Module does not update new upstream address after a long running time
To be honest, this module is working great and meet all of our expectations except we are currently facing an issue that after a long running time (may be a week), the new upstream can not be detected by dns resolution anymore. I guess that my issue is related to the first issue of https://github.com/ZigzagAK/ngx_dynamic_upstream/issues/7#issuecomment-797814677.
We are implementing this module in the environment that the number of peer of a upstream can be dynamically add or removed due to the real workload (we are using auto scaling group and Docker Swarm). After a long running time, I checked the peer list and all are stale (marked as unhealthy by the dynamic_healthcheck module). It seem likes that this module can not clean up the old stale peer list and update with new peer added when the shared memory is full (fix me if I'm wrong). After nginx -s reload, everything is back to normal.
Secondly, there is a potential risk that the stale IP address can be allocated to another service.
Many thanks,
@truong-hua You may use https://github.com/ZigzagAK/ngx_sysinfo module to check used space in shared zones. Cleanup old states implemented in https://github.com/ZigzagAK/ngx_dynamic_healthcheck/blob/master/src/ngx_dynamic_healthcheck_state.c#L256. Please, check used space and check error.log files when problem will happens in the next time. You may try 2.X.X branch of ngx_dynamic_healthcheck module. This branch use single shared zone for states of all upstreams. Size of this shared zone may be defined with https://github.com/ZigzagAK/ngx_dynamic_healthcheck/blob/2.X.X/src/ngx_http_dynamic_healthcheck.cpp#L44.

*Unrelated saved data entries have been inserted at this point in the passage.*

(* Needed because schatten uses eigenvalues chosen by SOME. With s = v_j . w_k, both lam j * s and
   mu k * s equal v_j' A w_k, so lam j = mu k wherever the overlap s^2 is nonzero. *)
lemma eigdecomp_spectral_sum_eq:
  fixes f :: "real \<Rightarrow> real"
  assumes A1: "eigdecomp d A lam v" and A2: "eigdecomp d A mu w"
  shows "(\<Sum>j<d. f (lam j)) = (\<Sum>k<d. f (mu k))"
proof -
  define c where "c j k = (\<Sum>i<d. v j i * w k i)\<^sup>2" for j k
  have v: "orthonormal d v" and w: "orthonormal d w"
    using A1 A2 by (simp_all add: eigdecomp_orthonormal)
  have c: "doubly_stochastic d c"
    unfolding c_def using v w by (rule orthonormal_overlap_doubly_stochastic)
  have same: "f (lam j) * c j k = f (mu k) * c j k" if j: "j < d" and k: "k < d" for j k
  proof -
    define s where "s = (\<Sum>i<d. v j i * w k i)"
    have "(\<Sum>i<d. \<Sum>l<d. v j i * A i l * w k l)
        = (\<Sum>m<d. (lam m * (\<Sum>l<d. w k l * v m l)) * (\<Sum>i<d. v j i * v m i))"
      unfolding eigdecomp_bilinear[OF A1] by (simp add: mult_ac)
    also have "\<dots> = lam j * (\<Sum>l<d. w k l * v j l)" by (rule orthonormal_sum_inner[OF v j])
    finally have "(\<Sum>i<d. \<Sum>l<d. v j i * A i l * w k l) = lam j * s"
      by (simp add: s_def mult.commute)
    moreover have "(\<Sum>i<d. \<Sum>l<d. v j i * A i l * w k l)
        = (\<Sum>m<d. (mu m * (\<Sum>i<d. v j i * w m i)) * (\<Sum>l<d. w k l * w m l))"
      unfolding eigdecomp_bilinear[OF A2] by (simp add: mult_ac)
    moreover have "\<dots> = mu k * s" unfolding s_def by (rule orthonormal_sum_inner[OF w k])
    ultimately have "lam j * s = mu k * s" by linarith
    then show ?thesis by (cases "s = 0") (simp_all add: c_def s_def[symmetric])
  qed
  have "(\<Sum>j<d. f (lam j)) = (\<Sum>j<d. \<Sum>k<d. f (lam j) * c j k)"
    using c by (simp add: doubly_stochastic_def sum_distrib_left[symmetric])
  also have "\<dots> = (\<Sum>j<d. \<Sum>k<d. f (mu k) * c j k)"
    using same by (auto intro!: sum.cong)
  also have "\<dots> = (\<Sum>k<d. \<Sum>j<d. f (mu k) * c j k)" by (rule sum.swap)
  also have "\<dots> = (\<Sum>k<d. f (mu k))"
    using c by (simp add: doubly_stochastic_def sum_distrib_left[symmetric])
  finally show ?thesis .
qed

But 2.X.X branch may be not stable. Please, try it on yours test zones.
Thank @ZigzagAK, i will give you more information next time. I just checked the old log and there was just a lot of error like this
2021/11/02 06:50:10 [error] 3708#0: [http] dashboard-service: tasks.dashboard:3000 addr=10.0.0.5:3000, fd=4 connect error (111: Connection refused)
I searched and there is no memory related error log. But the peer list response from healthcheck status command is stale, all peer IP address there are old and not work anymore, which causes a lot of healthcheck error like above. After reload the peer list is updated to the right one and working properly if I add or remove another peer to/from DNS.
Will this module be able to clean up stale IP in memory itself when the DNS is updated?
ngx_dynamic_healthcheck generate 'no memory' error in error.log if no space available in shared zone. If you was not found 'no memory', that there wasn't a problem with it. ngx_dynamic_upstream generates 'no shared memory' record in error.log.
But the peer list response from healthcheck status command is stale
List of peers in this response is equal to https://github.com/ZigzagAK/ngx_dynamic_upstream#list ?
Yes, content must be same because healthcheck status traverse upstream peers and find healthcheck status.
https://github.com/ZigzagAK/ngx_dynamic_healthcheck/blob/master/src/ngx_http_dynamic_healthcheck.cpp#L1225
The problem with zero resolved peers may be fixed only if nginx will not interpret result of getaddrinfo as 'host not found' (https://github.com/nginx/nginx/blob/master/src/core/ngx_inet.c#L1137) in all situations. ngx_dynamic_upstream module uses ngx_parse_url from nginx core. nginx hides all of possible errors and map all of them to 'host not found', but reason may be in unavailable in DNS server or temporary DNS server error or many other. In this situation if ngx_dynamic_upstream will drop all peers from upstream it will make all backends unavailable for requests.
If your problem isn't related to this 'feature' of nginx, that may be a bug in ngx_dynamic_upstream.
To help me to understand what is happening you may send me archive of error.log file from start of nginx (or reload). You may send me it directly to my email.
I sent the error log related to your email @ZigzagAK
I can't find any records related to ngx_dynamic_upstream module. Only from ngx_dynamic_healthcheck. On start worker process ngx_dynamic_upstream module write to error.log one of:
- dynamic upstream: using nginx thread pool (https://github.com/ZigzagAK/ngx_dynamic_upstream/blob/master/src/ngx_http_dynamic_upstream_module.cpp#L1266)
- dynamic upstream: using background threads (https://github.com/ZigzagAK/ngx_dynamic_upstream/blob/master/src/ngx_http_dynamic_upstream_module.cpp#L1294) I think, that your nginx wasn't built with this module.
or may be you are using very old version of this module.